A few days later a man, a clerk in a bank, actually committed suicide in this very piece of water. Mrs. McAlpine's sister has a dim recollection of being told of the vision before the occurrence of the tragedy.
With this may be compared another vision foreshadowing a tragedy. It will be remembered that William Terriss, the actor, was stabbed at the entrance to the Adelphi Theatre, by a discharged member of the company who fancied that he had a grievance against him. The murder took place at 7.20 p. m. on the 16th December, 1897. On the same evening a member of the company, Miss H , told some friends of mine of the murder, and of the dream told to her by Mr. Lane. Four days later I saw Mr. Lane, who had been acting as understudy to Terriss, and obtained from him the following account.

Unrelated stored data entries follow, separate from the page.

lemma detour_props:
  shows "arc (detour j)" "pathstart (detour j) = Complex (real j) (-1)"
    "pathfinish (detour j) = Complex (real j + 1) 1"
    "path_image (detour j) \<subseteq> {Complex (real j) (-1), Complex (real j + 1) 1} \<union> kind_interior Detour j"
proof -
  let ?J = "real j"
  define L1 where "L1 = linepath (Complex ?J (-1)) (Complex ?J (-2 - ?J))"
  define L2 where "L2 = linepath (Complex ?J (-2 - ?J)) (Complex (-1 - ?J) (-2 - ?J))"
  define L3 where "L3 = linepath (Complex (-1 - ?J) (-2 - ?J)) (Complex (-1 - ?J) (2 + ?J))"
  define L4 where "L4 = linepath (Complex (-1 - ?J) (2 + ?J)) (Complex (?J + 1) (2 + ?J))"
  define L5 where "L5 = linepath (Complex (?J + 1) (2 + ?J)) (Complex (?J + 1) 1)"
  have d: "detour j = L1 +++ (L2 +++ (L3 +++ (L4 +++ L5)))"
    unfolding detour_def L1_def L2_def L3_def L4_def L5_def ..
  have J: "0 \<le> ?J" by simp
  have i: "path_image L1 = vseg ?J (-2 - ?J) (-1)" "path_image L2 = hseg (-2 - ?J) (-1 - ?J) ?J"
    "path_image L3 = vseg (-1 - ?J) (-2 - ?J) (2 + ?J)" "path_image L4 = hseg (2 + ?J) (-1 - ?J) (?J + 1)"
    "path_image L5 = vseg (?J + 1) 1 (2 + ?J)"
    unfolding L1_def L2_def L3_def L4_def L5_def using J
    by (simp_all add: closed_segment_vertical closed_segment_horizontal)
  have a: "arc L1" "arc L2" "arc L3" "arc L4" "arc L5"
    unfolding L1_def L2_def L3_def L4_def L5_def using J by (auto simp: complex_eq_iff)
  have s: "pathstart L1 = Complex ?J (-1)" "pathstart L2 = Complex ?J (-2 - ?J)"
    "pathstart L3 = Complex (-1 - ?J) (-2 - ?J)" "pathstart L4 = Complex (-1 - ?J) (2 + ?J)"
    "pathstart L5 = Complex (?J + 1) (2 + ?J)"
    unfolding L1_def L2_def L3_def L4_def L5_def by simp_all
  have f: "pathfinish L1 = Complex ?J (-2 - ?J)" "pathfinish L2 = Complex (-1 - ?J) (-2 - ?J)"
    "pathfinish L3 = Complex (-1 - ?J) (2 + ?J)" "pathfinish L4 = Complex (?J + 1) (2 + ?J)"
    "pathfinish L5 = Complex (?J + 1) 1"
    unfolding L1_def L2_def L3_def L4_def L5_def by simp_all
  have p45: "path_image (L4 +++ L5) = path_image L4 \<union> path_image L5"
    using path_image_join[of L4 L5] s f by simp
  have p35: "path_image (L3 +++ (L4 +++ L5)) = path_image L3 \<union> path_image (L4 +++ L5)"
    using path_image_join[of L3 "L4 +++ L5"] s f by simp
  have p25: "path_image (L2 +++ (L3 +++ (L4 +++ L5))) = path_image L2 \<union> path_image (L3 +++ (L4 +++ L5))"
    using path_image_join[of L2 "L3 +++ (L4 +++ L5)"] s f by simp
  have p15: "path_image (detour j) = path_image L1 \<union> path_image (L2 +++ (L3 +++ (L4 +++ L5)))"
    unfolding d using path_image_join[of L1 "L2 +++ (L3 +++ (L4 +++ L5))"] s f by simp
  have b45: "arc (L4 +++ L5)"
    by (rule arc_join[OF a(4,5)]) (use s f i in \<open>auto simp: vseg_def hseg_def complex_eq_iff\<close>)
  have b35: "arc (L3 +++ (L4 +++ L5))"
    by (rule arc_join[OF a(3) b45]) (use s f i p45 J in \<open>auto simp: vseg_def hseg_def complex_eq_iff\<close>)
  have b25: "arc (L2 +++ (L3 +++ (L4 +++ L5)))"
    by (rule arc_join[OF a(2) b35]) (use s f i p35 p45 J in \<open>auto simp: vseg_def hseg_def complex_eq_iff\<close>)
  show "arc (detour j)"
    unfolding d by (rule arc_join[OF a(1) b25]) (use s f i p25 p35 p45 J in \<open>auto simp: vseg_def hseg_def complex_eq_iff\<close>)
  show "pathstart (detour j) = Complex (real j) (-1)" "pathfinish (detour j) = Complex (real j + 1) 1"
    unfolding d using s f by simp_all
  show "path_image (detour j) \<subseteq> {Complex (real j) (-1), Complex (real j + 1) 1} \<union> kind_interior Detour j"
    unfolding p15 p25 p35 p45 i using J by (auto simp: vseg_def hseg_def complex_eq_iff)
qed
(* Let $(G,X,\alpha)$ be a $G$-space with transitive action $\alpha$. Then there exist a $G$-space $(H,X,\gamma)$ with transitive action $\gamma$ such that $$\chi(H)\le\chi(X)\cdot\mathrm{inv}(G),\quad \mathrm{ib}(H)\le\mathrm{ib}(G),\quad w(H)\le\chi(X)\cdot\mathrm{ib}(G),$$ and an equivariant pair of maps $(\varphi,\mathrm{id}):(G,X,\alpha)\to(H,X,\gamma)$ with $\varphi$ an epimorphism.
   Context: All spaces are Tychonoff and all maps continuous. A $G$-space $(G,X,\alpha)$ is a topological group with a continuous action on $X$; transitive means $Gx=X$. An equivariant pair $(\varphi,\mathrm{id})$ is a continuous homomorphism $\varphi:G\to H$ with $\alpha(g,x)=\gamma(\varphi(g),x)$. The index of narrowness $\mathrm{ib}(G)$ is the least infinite cardinal $\tau$ such that for every neighborhood $U$ of the unit there is $A\subset G$ with $|A|\le\tau$ and $AU=G$. The invariance number $\mathrm{inv}(G)$ is the least infinite cardinal $\tau$ such that for every neighborhood $U$ of the unit there is a family $\gamma$ of at most $\tau$ neighborhoods of the unit such that for each $x\in G$ some $V\in\gamma$ satisfies $xVx^{-1}\subset U$. *)

theory Defs
  imports "HOL-Analysis.Analysis" "HOL-Algebra.Coset"
begin

definition card_le :: "'x set \<Rightarrow> 'y set \<Rightarrow> bool" where
  "card_le A K \<longleftrightarrow> (card_of A, card_of K) \<in> ordLeq"
(* Let $q>5$ be a prime power which is either odd or a power of $4$. Then every partition of $\mathbb F_q^*$ which is preserved by $G(q)$ consists of all the cosets of some subgroup of $\mathbb F_q^*$.
   Context: $\mathbb F_q$ is the field with $q$ elements, $\mathbb F_q^*$ its multiplicative group. $G(q)$ denotes the group of permutations of $\mathbb F_q^*$ generated by all permutations of $\mathbb F_q^*$ which can be represented as $c\mapsto ac^m+bc^n$ with $a,b\in\mathbb F_q^*$ and integers $0<m<n<q$. A partition $\mathcal P$ of $\mathbb F_q^*$ is preserved by $G(q)$ if for every part $S$ of $\mathcal P$ and every $g\in G(q)$, the set $g(S)$ is also a part of $\mathcal P$. *)

theory Defs
  imports Main "HOL-Library.Disjoint_Sets"
begin

definition units_set :: "'a::field set" where
  "units_set = UNIV - {0}"

definition binomial_perms :: "('a::{finite,field} \<Rightarrow> 'a) set" where
  "binomial_perms = {g. \<exists>a b m n. a \<noteq> 0 \<and> b \<noteq> 0 \<and> 0 < m \<and> m < n \<and> n < card (UNIV :: 'a set) \<and>
        g = (\<lambda>c. a * c ^ m + b * c ^ n) \<and> bij_betw g units_set units_set}"

text \<open>The group G(q) generated by the binomial permutations (as functions acting on the
  multiplicative group; only their values on the multiplicative group matter).\<close>
inductive_set Gq :: "('a::{finite,field} \<Rightarrow> 'a) set" where
  Gq_id: "id \<in> Gq"
| Gq_gen: "g \<in> binomial_perms \<Longrightarrow> g \<in> Gq"
| Gq_comp: "g \<in> Gq \<Longrightarrow> h \<in> Gq \<Longrightarrow> g \<circ> h \<in> Gq"
| Gq_inv: "g \<in> Gq \<Longrightarrow> inv_into units_set g \<in> Gq"
(* Consider a 3-S 3-D MUN-D over $\mathbb{F}_{2^m}$ with block time-varying LECs (as in the context), in which the min-cut between $S_i$ and $T_j$ is at least $1$ for all $i,j$, and suppose $\eta(0)$ is not a constant. Then $X_i'(q)$ can be recovered from $Y_i^{(q\oplus k)}$ for all $i$ and all $q=1,2,\dots,k-1$ if and only if $X_i'(0)$ can be recovered from $Y_i^{(0\oplus k)}$ for all $i$.
   Context: A 3-S 3-D MUN-D: finite directed acyclic graph with unit-delay links, sources $S_1,S_2,S_3$ (one process each), destinations $T_1,T_2,T_3$ ($T_i$ demands $S_i$'s process), min-cut between $S_i$ and $T_i$ equal to $1$; for an LEC vector $\underline{\varepsilon}$, $M_{ij}(\underline{\varepsilon},D)\in\mathbb{F}_{2^m}[\underline{\varepsilon}][D]$ is the scalar transfer polynomial from $S_i$ to $T_j$ (common delay removed) and $M_{ij}(\underline{\varepsilon},x)$ its value at $D=x$. Block time-varying scheme: $k\mid 2^m-1$, $\alpha\in\mathbb{F}_{2^m}$ has multiplicative order $k$, $n'$ is a positive integer, and the LECs take independent values $\underline{\varepsilon}_1,\dots,\underline{\varepsilon}_{2n'+1}$ on $2n'+1$ consecutive blocks (each block of $k$ symbols plus a cyclic prefix, with DFT/IDFT of length $k$); for $0\le q\le k-1$ the $q$-th subchannel is $Y_j^{(q\oplus k)}=\sum_{i=1}^3M^q_{ij}V_i^{(q)}X_i'(q)$ with $M^q_{ij}=\mathrm{diag}\big(M_{ij}(\underline{\varepsilon}_1,\alpha^q),\dots,M_{ij}(\underline{\varepsilon}_{2n'+1},\alpha^q)\big)$, $X_1'(q)$ of length $n'+1$ and $X_2'(q),X_3'(q)$ of length $n'$. Precoders: $W=[1\cdots1]^T$ of length $2n'+1$, $U^{(q)}=(M^q_{12})^{-1}M^q_{32}(M^q_{31})^{-1}M^q_{21}(M^q_{23})^{-1}M^q_{13}$, $R^{(q)}=M^q_{13}(M^q_{23})^{-1}$, $S^{(q)}=M^q_{12}(M^q_{32})^{-1}$, $V_1^{(q)}=[W\ U^{(q)}W\cdots(U^{(q)})^{n'}W]$, $V_2^{(q)}=[R^{(q)}W\ R^{(q)}U^{(q)}W\cdots R^{(q)}(U^{(q)})^{n'-1}W]$, $V_3^{(q)}=[S^{(q)}U^{(q)}W\cdots S^{(q)}(U^{(q)})^{n'}W]$. "$X_i'(q)$ can be recovered from $Y_i^{(q\oplus k)}$ for all $i$" means that the determinants of $[V_1^{(q)}\ (M^q_{11})^{-1}M^q_{21}V_2^{(q)}]$, $[(M^q_{12})^{-1}M^q_{22}V_2^{(q)}\ V_1^{(q)}]$ and $[(M^q_{13})^{-1}M^q_{33}V_3^{(q)}\ V_1^{(q)}]$ are nonzero rational functions of $(\underline{\varepsilon}_1,\dots,\underline{\varepsilon}_{2n'+1})$. Finally $\eta(q)=\dfrac{M_{21}(\underline{\varepsilon},\alpha^q)M_{32}(\underline{\varepsilon},\alpha^q)M_{13}(\underline{\varepsilon},\alpha^q)}{M_{31}(\underline{\varepsilon},\alpha^q)M_{23}(\underline{\varepsilon},\alpha^q)M_{12}(\underline{\varepsilon},\alpha^q)}$, and "constant" means independent of $\underline{\varepsilon}$. *)

theory Defs
  imports "HOL-Library.Poly_Mapping" "HOL-Library.Product_Lexorder" "HOL-Library.Option_ord"
    "HOL-Computational_Algebra.Polynomial" "HOL-Computational_Algebra.Fraction_Field"
    "Jordan_Normal_Form.Determinant"
begin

No. 76. From Mr. Frederick Lane[19]
"Adelphi Theatre, December 20th, 1897.
"In the early morning of the 16th December, 1897, I dreamt that I saw the late Mr. Terriss lying in a state of delirium or unconsciousness on the stairs leading to the dressing-rooms in the Adelphi Theatre. He was surrounded by people engaged at the theatre, amongst whom were Miss Millward and one of the footmen who attend the curtain, both of whom I actually saw a few hours later at the death scene. His chest was bare and clothes torn aside. Everybody who was around him was trying to do something for his good. This dream was in the shape of a picture. I saw it like a tableau on which the curtain would rise and fall. I immediately after dreamt that we did not open at the Adelphi Theatre that evening. I was in my dressing-room in the dream, but this latter part was somewhat incoherent. The next morning on going down to the theatre for rehearsal the first member of the company I met was Miss H , to whom I mentioned this dream. On arriving at the theatre I also mentioned it to several other members of the company, including Messrs. Creagh Henry, Buxton, Carter Bligh, &c. This dream, though it made such an impression upon me as to cause me to relate it to my fellow artists, did not give me the idea of any coming disaster. I may state that I have dreamt formerly of deaths of relatives and other matters which have impressed me, but the dreams have never impressed me suficiently to make me repeat them the following morning, and have never been verified. My dream of the present occasion was the most vivid I have ever experienced, in fact, life-like, and exactly represented the scene as I saw it at night.
"Frederick Lane."
Mr. Lane explained to me that he was in the neighbourhood of the theatre when Mr. Terriss was stabbed and ran to the Charing Cross Hospital for a doctor; on his return he looked in at the private entrance, and saw Mr. Terriss lying on the stairs as in the dream.
Miss H
writes as follows:"Adelphi Theatre, [Saturday], 18th Dec., 1897.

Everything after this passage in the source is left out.